И только сейчас я замечаю, что возле ларька на скамейке, положив одну руку на трость, сидит высокий величавый старик. Сухой, светлый и какой-то весь хрупкий на вид, будто фарфоровый. Все на нем старенькое — брюки, рубашка, выношенное, ставшее тонким, как папиросная бумага, но идеально чистое, отутюженное. Стрелки на брюках ровные и острые, как лезвие шашки. Ботинки сверкают, будто их только что протерли сырой тряпочкой, установлены по одной линии, носок к носку.
Но меня поражает его лицо. Оно не просто грустное, а какое-то болезненно-печальное. И даже это неточно — в нем досада, обида и еще что-то.
Солдаты садятся рядом со стариком. Краснолицый достает кисет, «катюшу», с двух ударов разжигает трут, прикуривает. Почтительно стучит в стенку ларька ногтем-копытцем.
— Уважаемый!.. Выгляни, а?
— Рано, рано еще!
— Да я не тороплюсь. Нам бы кружечку, — заискивающе просит он. — Может, присоединишься?
— Нет, спасибо.
— Брезгуешь? Мы тоже не пьяницы. А сегодня можно. Можем выпить. Как, Ахмед, можно?
— Можна, можна, — часто кивает Ахмед.
— Говорят, вашему брату по религии нельзя вино пить, верно?

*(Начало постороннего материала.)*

lemma W1_subset_omega_image: "W1 p \<zeta> \<subseteq> omega p \<zeta> ` grpring p \<zeta>"
proof -
  have "\<forall>y\<in>W1 p \<zeta>. (\<forall>j<i. y j = 0) \<longrightarrow> y \<in> omega p \<zeta> ` grpring p \<zeta>" if "i \<le> p" for i
    using that
  proof (induction i rule: inc_induct)
    case base
    have "y = omega p \<zeta> (\<lambda>_. 0)" if "y \<in> W1 p \<zeta>" "\<forall>j<p. y j = 0" for y
      using that by (auto simp: omega_zero W1_def prodring_def fun_eq_iff not_less[symmetric])
    then show ?case
      using grpring_zero by blast
  next
    case (step i)
    show ?case
    proof (intro ballI impI)
      fix y assume y: "y \<in> W1 p \<zeta>" and vanish: "\<forall>j<i. y j = 0"
      obtain w where "w \<in> Zring \<zeta>" "y i = (1 - \<zeta>) ^ i * w"
        using W1_leading_coordinate_divisible[OF y step.hyps(2) vanish] by blast
      then obtain h where h: "h \<in> grpring p \<zeta>" "\<forall>j<i. omega p \<zeta> h j = 0" "omega p \<zeta> h i = y i"
        using omega_image_leading_coordinate[OF step.hyps(2)] by metis
      have "(\<lambda>j. y j - omega p \<zeta> h j) \<in> omega p \<zeta> ` grpring p \<zeta>"
        using step.IH W1_diff[OF y omega_in_W1[OF h(1)]] vanish h(2,3) less_Suc_eq by auto
      then obtain x where x: "x \<in> grpring p \<zeta>" "(\<lambda>j. y j - omega p \<zeta> h j) = omega p \<zeta> x"
        by blast
      then have "y = omega p \<zeta> (grp_add x h)"
        by (simp add: omega_add fun_eq_iff) (metis diff_add_cancel)
      then show "y \<in> omega p \<zeta> ` grpring p \<zeta>"
        using x(1) h(1) grpring_add by blast
    qed
  qed
  then show ?thesis
    by blast
qed

end

theorem proposition3p19:
  fixes p :: nat and \<zeta> :: complex
  assumes "prime p"
    and "\<zeta> ^ p = 1" and "\<forall>k\<in>{1..<p}. \<zeta> ^ k \<noteq> 1"
  shows "(\<forall>x\<in>grpring p \<zeta>. omega p \<zeta> x \<in> prodring p \<zeta>)
    \<and> (\<forall>x\<in>grpring p \<zeta>. \<forall>y\<in>grpring p \<zeta>.
          omega p \<zeta> (grp_add x y) = (\<lambda>j. omega p \<zeta> x j + omega p \<zeta> y j))
    \<and> (\<forall>x\<in>grpring p \<zeta>. \<forall>y\<in>grpring p \<zeta>.
          omega p \<zeta> (grp_mult p x y) = (\<lambda>j. omega p \<zeta> x j * omega p \<zeta> y j))
    \<and> omega p \<zeta> grp_one = prod_one p
    \<and> bij_betw (omega p \<zeta>) (grpring p \<zeta>) (W1 p \<zeta>)"
proof -
  have "1 < p"
    using assms(1) by (rule prime_gt_1_nat)
  then have "\<zeta> \<noteq> 1"
    using assms(3) by force
  have "bij_betw (omega p \<zeta>) (grpring p \<zeta>) (W1 p \<zeta>)"
    unfolding bij_betw_def
    using omega_inj_on[OF assms(2,3)] omega_in_W1 W1_subset_omega_image[OF assms(1,2) \<open>\<zeta> \<noteq> 1\<close>]
    by blast
  then show ?thesis
    using \<open>1 < p\<close> by (simp add: omega_in_prodring omega_add omega_mult[OF assms(2)] omega_one)
qed

end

— Нельзя, нельзя, — сокрушенно повторяет чернявый.
— А тебе можно?
— Можна, можна!
— Ну что ж, раз по уставу разрешено, значит, можно. На прощание всем можно. Вот выпьем и разойдемся. Может, больше и не увидимся. Уж на что главврач, товарищ Осипенко, человек строгий, а и то со мной выпил. Отвоевался я, домой. Три года отмолотил… Почему так, когда воевал, в окопах, везде, все, бывало, во сне поля видел? А как в госпитале лежал, бои мерещились? У вас хлеб сеют, Ахмед? Ну, хлеб, понимаешь, рожь?
— Не-е. У нас — хлопок.
Из ларька меня зовет Юрка. В ларьке душно и чадно. На столе, под розовым колпаком, стоит керосинка. У Юрки зрачки кажутся большущими, величиной с копейку, а сам он — морщинистым.
Я заглядываю в ванночку, которую покачивает Юрка, и вижу горы, лебедей и джигита, похожего на краснолицего. Он, улыбаясь, смотрит на меня. А рядом еще точно такой же джигит, но с лицом Ахмеда. И на столе рядом навалом снимки джигитов. Все одинаковые, только с разными лицами. И каждый скачет по берегу озера, мимо белых лебедей.